当前位置：网站首页>SQL rewriting Series 6: predicate derivation

SQL rewriting Series 6: predicate derivation

2022-07-24 23:36:00 【Official blog of oceanbase database】

Introduction to the series of articles

OceanBase yes 100% Independent research and development , continuity 9 Annual stable support double 11, Innovative launch “ Three places five centers ” New urban disaster recovery standards , yes The only global stay TPC-C and TPC-H A domestic native distributed database that has set a new world record in the test , On 2021 year 6 The source code was officially opened in January . Query optimizer is the core module of relational database system , It is the key and difficult point of database kernel development , It is also a measure of the maturity of the whole database system “ Touchstone ”. To help you better understand OceanBase Query optimizer , We will write a series of articles about query rewriting , Take you to better grasp the essence of query rewriting , Familiar with complex SQL Equivalence of , Write effective SQL. This article is about OceanBase Rewrite the sixth part of the series , We will focus on predicate derivation , Welcome to explore ～

The columnist introduces

OceanBase Optimizer team , from OceanBase Senior technical expert Xifeng 、 Led by technical experts such as Shan Wen , We are committed to building a world leading distributed query optimizer .

Series content composition

This query rewriting series not only includes sub query optimization 、 Aggregate function optimization 、 Window function optimization 、 Four modules of complex expression optimization , This article will elaborate on the derivation of predicates , There are more modules , Coming soon .

Welcome to your attention OceanBase Open source users （ Nail No ：33254054）, Group entry and OceanBase Communicate with the query optimizer team .

One 、 Why predicate derivation is needed

Businesses usually only read part of the data when accessing the database , Therefore, some predicates will be specified to filter out unwanted data . When implementing a query semantics , We can use many different predicate combinations .
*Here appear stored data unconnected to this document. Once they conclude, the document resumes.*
lemma zpow_add_one:
  assumes "u * v = 1"
  shows "zpow u v (n + 1) = u * zpow u v n"
proof -
  consider "0 \<le> n" | "n = - 1" | "n < - 1" by linarith
  then show ?thesis
  proof cases
    case 1
    then show ?thesis by (simp add: zpow_def nat_add_distrib)
  next
    case 2
    then show ?thesis using assms by (simp add: zpow_def)
  next
    case 3
    then have "nat (- n) = Suc (nat (- (n + 1)))" by simp
    then show ?thesis
      using 3 assms by (simp add: zpow_def mult.assoc[symmetric])
  qed
qed

lemma zpow_diff_one:
  assumes "u * v = 1"
  shows "zpow u v (n - 1) = v * zpow u v n"
proof -
  have "v * zpow u v n = v * (u * zpow u v (n - 1))"
    using zpow_add_one[OF assms, of "n - 1"] by simp
  then show ?thesis
    using assms by (simp add: mult.assoc[symmetric] mult.commute[of v])
qed

lemma zpow_add:
  assumes "u * v = 1"
  shows "zpow u v a * zpow u v b = zpow u v (a + b)"
proof (induction b rule: int_induct[where k = 0])
  case base
  then show ?case by simp
next
  case (step1 b)
  then show ?case
    using zpow_add_one[OF assms] by (metis add.assoc mult.left_commute)
next
  case (step2 b)
  then show ?case
    using zpow_diff_one[OF assms] by (metis add_diff_eq mult.left_commute)
qed

lemma grade_one:
  assumes "comm_k_algebra sS" and "alg_aut sS (*) \<sigma>"
  shows "1 \<in> grade sS \<sigma> \<omega> 0"
  using assms alg_aut_one[OF assms(2)]
  by (simp add: grade_def comm_k_algebra_def module.scale_one flip: module_iff_vector_space)

context
  fixes sS :: "'k::field \<Rightarrow> 's::comm_ring_1 \<Rightarrow> 's" and \<sigma> :: "'s \<Rightarrow> 's" and \<omega> :: 'k
  assumes S_alg: "comm_k_algebra sS" and \<sigma>_aut: "alg_aut sS (*) \<sigma>" and \<omega>_nonzero: "\<omega> \<noteq> 0"
begin

private lemma scale_scale: "sS a (sS b x) = sS (a * b) x"
  and scale_one: "sS 1 x = x"
  and scale_mult_left: "sS c (x * y) = sS c x * y"
  using S_alg by (simp_all add: comm_k_algebra_def module.scale_scale module.scale_one
      flip: module_iff_vector_space)

lemma grade_mult:
  assumes "x \<in> grade sS \<sigma> \<omega> a" and "y \<in> grade sS \<sigma> \<omega> b"
  shows "x * y \<in> grade sS \<sigma> \<omega> (a + b)"
proof -
  have "\<sigma> (x * y) = sS (\<omega> powi a) x * sS (\<omega> powi b) y"
    using \<sigma>_aut assms by (simp add: alg_aut_def grade_def)
  also have "\<dots> = sS (\<omega> powi a) (sS (\<omega> powi b) (x * y))"
    by (metis mult.commute scale_mult_left)
  also have "\<dots> = sS (\<omega> powi (a + b)) (x * y)"
    using \<omega>_nonzero by (simp add: scale_scale power_int_add)
  finally show ?thesis by (simp add: grade_def)
qed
for example ：Q1 and Q2 They are all read from the database with the number 1024 Remaining ticket information of film arrangement . These two queries use different predicate sets , The same query effect is achieved . In terms of query performance ,Q2 Filter predicates written better .Q2 Medium T.play_id = 1024 Is a base table filter predicate . It can filter out a batch of data in advance , Reduce the amount of data participating in the connection . further , When TICKETS Exists on the table (play_id, sale_date, seat) When indexing , On the one hand, the query optimizer can determine a very good data scanning range ; On the other hand, index order can also be used to eliminate ORDER BY The resulting sort operation . Final , The whole query only needs to read T Tabular 10 Row data .

Q1:
SELECT P.show_time, T.ticket_id, T.seat
FROM PLAY P, TICKETS T
WHERE P.play_id = T.play_id AND P.play_id = 1024 AND T.sale_date is NULL
ORDER BY T.seat LIMIT 10;

Q2:
SELECT P.show_time, T.ticket_id, T.seat
FROM PLAY P, TICKETS T
WHERE T.play_id = 1024 and P.play_id = 1024 AND T.sale_date is NULL
ORDER BY T.seat LIMIT 10;

To ensure good query performance , The database kernel needs to be capable of Q1 To query and deduce T.play_id = 1024 Such predicates . This ability we call “ Predicate derivation ”. stay OceanBase in , We aim at different predicate usage scenarios , Design and implement a variety of predicate derivation strategies . The following will mainly introduce these derivation strategies .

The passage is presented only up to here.